#Memory dim3 software
In CUDA there is a hierarchy of threads in software which mimics how thread processors are grouped on the GPU. The information between the triple chevrons is the execution configuration, which dictates how many device threads execute the kernel in parallel. Int i = blockIdx.x*blockDim.x + threadIdx.x ĬudaMemcpy(y, d_y, N*sizeof(float), cudaMemcpyDeviceToHost) Void saxpy(int n, float a, float *x, float *y) In this post I will dissect a more complete version of the CUDA C SAXPY, explaining in detail what is done and why. SAXPY stands for “Single-precision A*X Plus Y”, and is a good “hello world” example for parallel computation. In a recent post, I illustrated Six Ways to SAXPY, which includes a CUDA C version. Keeping this sequence of operations in mind, let’s look at a CUDA C example. Transfer results from the device to the host.Transfer data from the host to the device.Declare and allocate host and device memory.Given the heterogeneous nature of the CUDA programming model, a typical sequence of operations for a CUDA C program is: These kernels are executed by many GPU threads in parallel. Code run on the host can manage memory on both the host and device, and also launches kernels which are functions executed on the device.


In CUDA, the host refers to the CPU and its memory, while the device refers to the GPU and its memory. The CUDA programming model is a heterogeneous model in which both the CPU and GPU are used. CUDA Programming Model Basicsīefore we jump into CUDA C code, those new to CUDA will benefit from a basic description of the CUDA programming model and some of the terminology used. CUDA C is essentially C/C++ with a few extensions that allow one to execute functions on the GPU using many threads in parallel.

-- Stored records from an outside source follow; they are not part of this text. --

section \<open>Disintegration of finite measures on a product with the real line\<close>

lemma AE_le_of_set_nn_integral_le:
  fixes f g :: "'a \<Rightarrow> ennreal"
  assumes [measurable]: "f \<in> borel_measurable M" "g \<in> borel_measurable M"
    and fin: "integral\<^sup>N M g \<noteq> \<infinity>"
    and le: "\<And>A. A \<in> sets M \<Longrightarrow> (\<integral>\<^sup>+x. f x * indicator A x \<partial>M) \<le> (\<integral>\<^sup>+x. g x * indicator A x \<partial>M)"
  shows "AE x in M. f x \<le> g x"
proof -
  let ?P = "\<lambda>f A. \<integral>\<^sup>+ x. f x * indicator A x \<partial>M"
  let ?N = "{x\<in>space M. g x < f x}"
  have N: "?N \<in> sets M" by measurable
  have "?P g ?N \<le> integral\<^sup>N M g" by (intro nn_integral_mono) (auto split: split_indicator)
  then have Pg_fin: "?P g ?N \<noteq> \<infinity>" using fin by (auto simp: top_unique)
  have "?P (\<lambda>x. (f x - g x)) ?N = (\<integral>\<^sup>+x. f x * indicator ?N x - g x * indicator ?N x \<partial>M)"
    by (auto intro!: nn_integral_cong simp: indicator_def)
  also have "\<dots> = ?P f ?N - ?P g ?N"
    using N Pg_fin by (intro nn_integral_diff) (auto split: split_indicator)
  also have "\<dots> = 0"
    using le[OF N] Pg_fin by (intro diff_eq_0_ennreal) (auto simp: top_unique less_top)
  finally have "AE x in M. (f x - g x) * indicator ?N x = 0"
    by (subst (asm) nn_integral_0_iff_AE) auto
  with AE_space show ?thesis
    by eventually_elim (auto simp: indicator_def not_less diff_eq_0_iff_ennreal split: if_splits)
qed

lemma measure_eq_on_atMost_rectangles:
  fixes M N :: "('b \<times> real) measure"
  assumes sets_M: "sets M = sets (X \<Otimes>\<^sub>M borel)" and sets_N: "sets N = sets (X \<Otimes>\<^sub>M borel)"
    and "finite_measure M"
    and eq: "\<And>A t. A \<in> sets X \<Longrightarrow> emeasure M (A \<times> {..t}) = emeasure N (A \<times> {..t})"
  shows "M = N"
proof -
  define E where "E = {A \<times> B | A B. A \<in> sets X \<and> B \<in> range (atMost :: real \<Rightarrow> real set)}"
  have sets_prod: "sets (X \<Otimes>\<^sub>M borel) = sigma_sets (space X \<times> UNIV) E"
  proof -
    have "sets (borel :: real measure) = sigma_sets UNIV (range atMost)"
      by (subst borel_eq_atMost) (simp add: sets_measure_of)
    then have "sets (X \<Otimes>\<^sub>M borel) = sets (sigma (space X \<times> space (borel :: real measure)) E)"
      unfolding E_def
      by (intro sets_pair_eq[where Ca="{space X}" and Cb="range (\<lambda>n::nat. {..real n})"])
         (auto simp: sets.space_closed sets.sigma_sets_eq intro: real_arch_simple)
    also have "\<dots> = sigma_sets (space X \<times> UNIV) E"
      unfolding E_def using sets.space_closed[of X] by (subst sets_measure_of) auto
    finally show ?thesis .
  qed
  show ?thesis
  proof (rule measure_eqI_generator_eq[where A="\<lambda>n. space X \<times> {..real n}"])
    show "Int_stable E"
      unfolding Int_stable_def E_def
    proof safe
      fix A B and s t :: real assume "A \<in> sets X" "B \<in> sets X"
      moreover have "A \<times> {..s} \<inter> B \<times> {..t} = (A \<inter> B) \<times> {..min s t}" by auto
      ultimately show "\<exists>C D. A \<times> {..s} \<inter> B \<times> {..t} = C \<times> D \<and> C \<in> sets X \<and> D \<in> range atMost"
        by blast
    qed
    show "E \<subseteq> Pow (space X \<times> UNIV)" unfolding E_def using sets.sets_into_space by blast
    show "sets M = sigma_sets (space X \<times> UNIV) E" "sets N = sigma_sets (space X \<times> UNIV) E"
      using sets_M sets_N sets_prod by simp_all
    show "range (\<lambda>n. space X \<times> {..real n}) \<subseteq> E" unfolding E_def by auto
    show "(\<Union>n. space X \<times> {..real n}) = space X \<times> UNIV" by (auto intro: real_arch_simple)
    show "emeasure M (space X \<times> {..real n}) \<noteq> \<infinity>" for n
      using \<open>finite_measure M\<close> by (simp add: finite_measure.emeasure_finite)
    show "Y \<in> E \<Longrightarrow> emeasure M Y = emeasure N Y" for Y unfolding E_def using eq by blast
  qed
qed

context
  fixes \<mu> :: "('b \<times> real) measure" and X :: "'b measure"
  assumes sets_\<mu>: "sets \<mu> = sets (X \<Otimes>\<^sub>M borel)" and "finite_measure \<mu>"
begin

interpretation \<mu>: finite_measure \<mu> by fact

private lemma measurable_fst_marginal [measurable]: "fst \<in> \<mu> \<rightarrow>\<^sub>M X"
  using measurable_fst[of X borel] by (simp add: measurable_cong_sets[OF sets_\<mu> refl])

private lemma space_\<mu>: "space \<mu> = space X \<times> UNIV"
  using sets_eq_imp_space_eq[OF sets_\<mu>] by (simp add: space_pair_measure)

private lemma rectangle_in_sets [measurable]: "A \<in> sets X \<Longrightarrow> B \<in> sets borel \<Longrightarrow> A \<times> B \<in> sets \<mu>"
  by (simp add: sets_\<mu>)

private lemma finite_measure_marginal: "finite_measure (distr \<mu> X fst)"
  by (rule \<mu>.finite_measure_distr) simp

private lemma emeasure_marginal: "A \<in> sets X \<Longrightarrow> emeasure (distr \<mu> X fst) A = emeasure \<mu> (A \<times> UNIV)"
  using sets.sets_into_space[of A X]
  by (subst emeasure_distr) (auto simp: space_\<mu> intro!: arg_cong[where f="emeasure \<mu>"])

lemma exists_conditional_cdf:
  obtains F where "\<And>t. F t \<in> borel_measurable X"
    and "\<And>A t. A \<in> sets X \<Longrightarrow>
      (\<integral>\<^sup>+x. F t x * indicator A x \<partial>distr \<mu> X fst) = emeasure \<mu> (A \<times> {..t})"
proof -
  define lam where "lam = distr \<mu> X fst"
  interpret lam: finite_measure lam
    unfolding lam_def by (rule finite_measure_marginal)
  define N where "N t = distr (density \<mu> (indicator (space X \<times> {..t}))) X fst" for t
  have sets_N: "sets (N t) = sets X" for t by (simp add: N_def)
  have emeasure_N: "emeasure (N t) A = emeasure \<mu> (A \<times> {..t})" if A: "A \<in> sets X" for A t
  proof -
    have "emeasure (N t) A = emeasure (density \<mu> (indicator (space X \<times> {..t}))) (fst -` A \<inter> space \<mu>)"
      unfolding N_def using A by (subst emeasure_distr) auto
    also have "\<dots> = (\<integral>\<^sup>+x. indicator (space X \<times> {..t}) x * indicator (fst -` A \<inter> space \<mu>) x \<partial>\<mu>)"
      using A by (subst emeasure_density) auto
    also have "\<dots> = (\<integral>\<^sup>+x. indicator (A \<times> {..t}) x \<partial>\<mu>)"
      using sets.sets_into_space[OF A]
      by (intro nn_integral_cong) (auto simp: space_\<mu> split: split_indicator)
    finally show ?thesis using A by simp
  qed
  have "absolutely_continuous lam (N t)" for t
    unfolding absolutely_continuous_def
  proof
    fix A assume "A \<in> null_sets lam"
    then have A: "A \<in> sets X" "emeasure \<mu> (A \<times> UNIV) = 0"
      by (auto simp: lam_def emeasure_marginal null_sets_def)
    moreover have "emeasure \<mu> (A \<times> {..t}) \<le> emeasure \<mu> (A \<times> UNIV)"
      using A by (intro emeasure_mono) auto
    ultimately have "emeasure \<mu> (A \<times> {..t}) = 0" by simp
    then show "A \<in> null_sets (N t)" using A by (simp add: null_sets_def emeasure_N sets_N)
  qed
  then have "density lam (RN_deriv lam (N t)) = N t" for t
    by (intro lam.density_RN_deriv) (simp_all add: lam_def sets_N)
  moreover have "emeasure (density lam (RN_deriv lam (N t))) A
      = (\<integral>\<^sup>+x. RN_deriv lam (N t) x * indicator A x \<partial>lam)" if "A \<in> sets X" for A t
    using that by (intro emeasure_density) (auto simp: lam_def)
  ultimately have integral_RN: "(\<integral>\<^sup>+x. RN_deriv lam (N t) x * indicator A x \<partial>lam)
      = emeasure \<mu> (A \<times> {..t})" if "A \<in> sets X" for A t
    using that by (simp add: emeasure_N)
  have "RN_deriv lam (N t) \<in> borel_measurable X" for t
    using borel_measurable_RN_deriv[of lam "N t"] by (simp add: lam_def)
  then show ?thesis using integral_RN unfolding lam_def by (rule that)
qed

context
  fixes F :: "real \<Rightarrow> 'b \<Rightarrow> ennreal"
  assumes F_meas [measurable]: "\<And>t. F t \<in> borel_measurable X"
    and F: "\<And>A t. A \<in> sets X \<Longrightarrow>
      (\<integral>\<^sup>+x. F t x * indicator A x \<partial>distr \<mu> X fst) = emeasure \<mu> (A \<times> {..t})"
begin

private lemma nn_integral_conditional_cdf: "integral\<^sup>N (distr \<mu> X fst) (F t) = emeasure \<mu> (space X \<times> {..t})"
  by (subst F[symmetric]) (auto intro!: nn_integral_cong)

private lemma set_nn_integral_1_marginal:
  "A \<in> sets X \<Longrightarrow> (\<integral>\<^sup>+x. 1 * indicator A x \<partial>distr \<mu> X fst) = emeasure \<mu> (A \<times> UNIV)"
  by (simp add: emeasure_marginal)

lemma AE_conditional_cdf_mono: "a \<le> b \<Longrightarrow> AE x in distr \<mu> X fst. F a x \<le> F b x"
  by (intro AE_le_of_set_nn_integral_le)
     (auto simp: F nn_integral_conditional_cdf \<mu>.emeasure_finite intro!: emeasure_mono)

lemma AE_conditional_cdf_le_1: "AE x in distr \<mu> X fst. F a x \<le> 1"
proof (rule AE_le_of_set_nn_integral_le)
  show "integral\<^sup>N (distr \<mu> X fst) (\<lambda>x. 1) \<noteq> \<infinity>"
    using finite_measure.emeasure_finite[OF finite_measure_marginal] by simp
  fix A assume "A \<in> sets (distr \<mu> X fst)"
  then show "(\<integral>\<^sup>+x. F a x * indicator A x \<partial>distr \<mu> X fst) \<le> (\<integral>\<^sup>+x. 1 * indicator A x \<partial>distr \<mu> X fst)"
    by (simp only: sets_distr F set_nn_integral_1_marginal) (intro emeasure_mono; auto)
qed auto

lemma AE_conditional_cdf_SUP: "AE x in distr \<mu> X fst. (SUP n. F (real n) x) = 1"
proof -
  let ?lam = "distr \<mu> X fst"
  have "AE x in ?lam. \<forall>n. F (real n) x \<le> 1"
    using AE_conditional_cdf_le_1 by (simp add: AE_all_countable)
  then have SUP_le: "AE x in ?lam. (SUP n. F (real n) x) \<le> 1"
    by eventually_elim (rule SUP_least, simp)
  have "AE x in ?lam. 1 \<le> (SUP n. F (real n) x)"
  proof (rule AE_le_of_set_nn_integral_le)
    show "integral\<^sup>N ?lam (\<lambda>x. SUP n. F (real n) x) \<noteq> \<infinity>"
      using nn_integral_mono_AE[OF SUP_le] finite_measure.emeasure_finite[OF finite_measure_marginal]
      by (auto simp: top_unique)
    fix A assume "A \<in> sets ?lam"
    then have A: "A \<in> sets X" by simp
    have "(\<Union>n. A \<times> {..real n}) = A \<times> UNIV" by (auto intro: real_arch_simple)
    then have "emeasure \<mu> (A \<times> UNIV) = (SUP n. emeasure \<mu> (A \<times> {..real n}))"
      using A by (subst SUP_emeasure_incseq) (auto simp: incseq_def)
    also have "\<dots> \<le> (\<integral>\<^sup>+x. (SUP n. F (real n) x) * indicator A x \<partial>?lam)"
      unfolding F[OF A, symmetric]
      by (intro SUP_least nn_integral_mono mult_right_mono SUP_upper) auto
    finally show "(\<integral>\<^sup>+x. 1 * indicator A x \<partial>?lam) \<le> (\<integral>\<^sup>+x. (SUP n. F (real n) x) * indicator A x \<partial>?lam)"
      unfolding set_nn_integral_1_marginal[OF A] .
  qed auto
  with SUP_le show ?thesis by eventually_elim (rule antisym)
qed

lemma AE_conditional_cdf_INF: "AE x in distr \<mu> X fst. (INF n. F (- real n) x) = 0"
proof -
  let ?lam = "distr \<mu> X fst"
  have "(\<Inter>n. space X \<times> {..- real n}) = {}"
  proof safe
    fix a b assume "(a, b) \<in> (\<Inter>n. space X \<times> {..- real n})"
    moreover obtain n where "- b < real n" using reals_Archimedean2 by blast
    ultimately show "(a, b) \<in> {}" by (auto dest!: spec[of _ n])
  qed
  then have "(INF n. emeasure \<mu> (space X \<times> {..- real n})) = 0"
    by (subst INF_emeasure_decseq) (auto simp: decseq_def)
  moreover have "integral\<^sup>N ?lam (\<lambda>x. INF n. F (- real n) x) \<le> (INF n. emeasure \<mu> (space X \<times> {..- real n}))"
  proof (rule INF_greatest)
    fix n
    have "integral\<^sup>N ?lam (\<lambda>x. INF n. F (- real n) x) \<le> integral\<^sup>N ?lam (F (- real n))"
      by (intro nn_integral_mono INF_lower) simp
    then show "integral\<^sup>N ?lam (\<lambda>x. INF n. F (- real n) x) \<le> emeasure \<mu> (space X \<times> {..- real n})"
      by (simp only: nn_integral_conditional_cdf)
  qed
  ultimately have "integral\<^sup>N ?lam (\<lambda>x. INF n. F (- real n) x) = 0" by simp
  then show ?thesis by (subst (asm) nn_integral_0_iff_AE) auto
qed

From here on unless I state otherwise, I will use the term “CUDA C” as shorthand for “CUDA C and C++”. These two series will cover the basic concepts of parallel computing on the CUDA platform. We will be running a parallel series of posts about CUDA Fortran targeted at Fortran programmers. This series of posts assumes familiarity with programming in C. This post is the first in a series on CUDA C and C++, which is the C/C++ interface to the CUDA parallel computing platform.
#Memory dim3 update
Update (January 2017): Check out a new, even easier introduction to CUDA!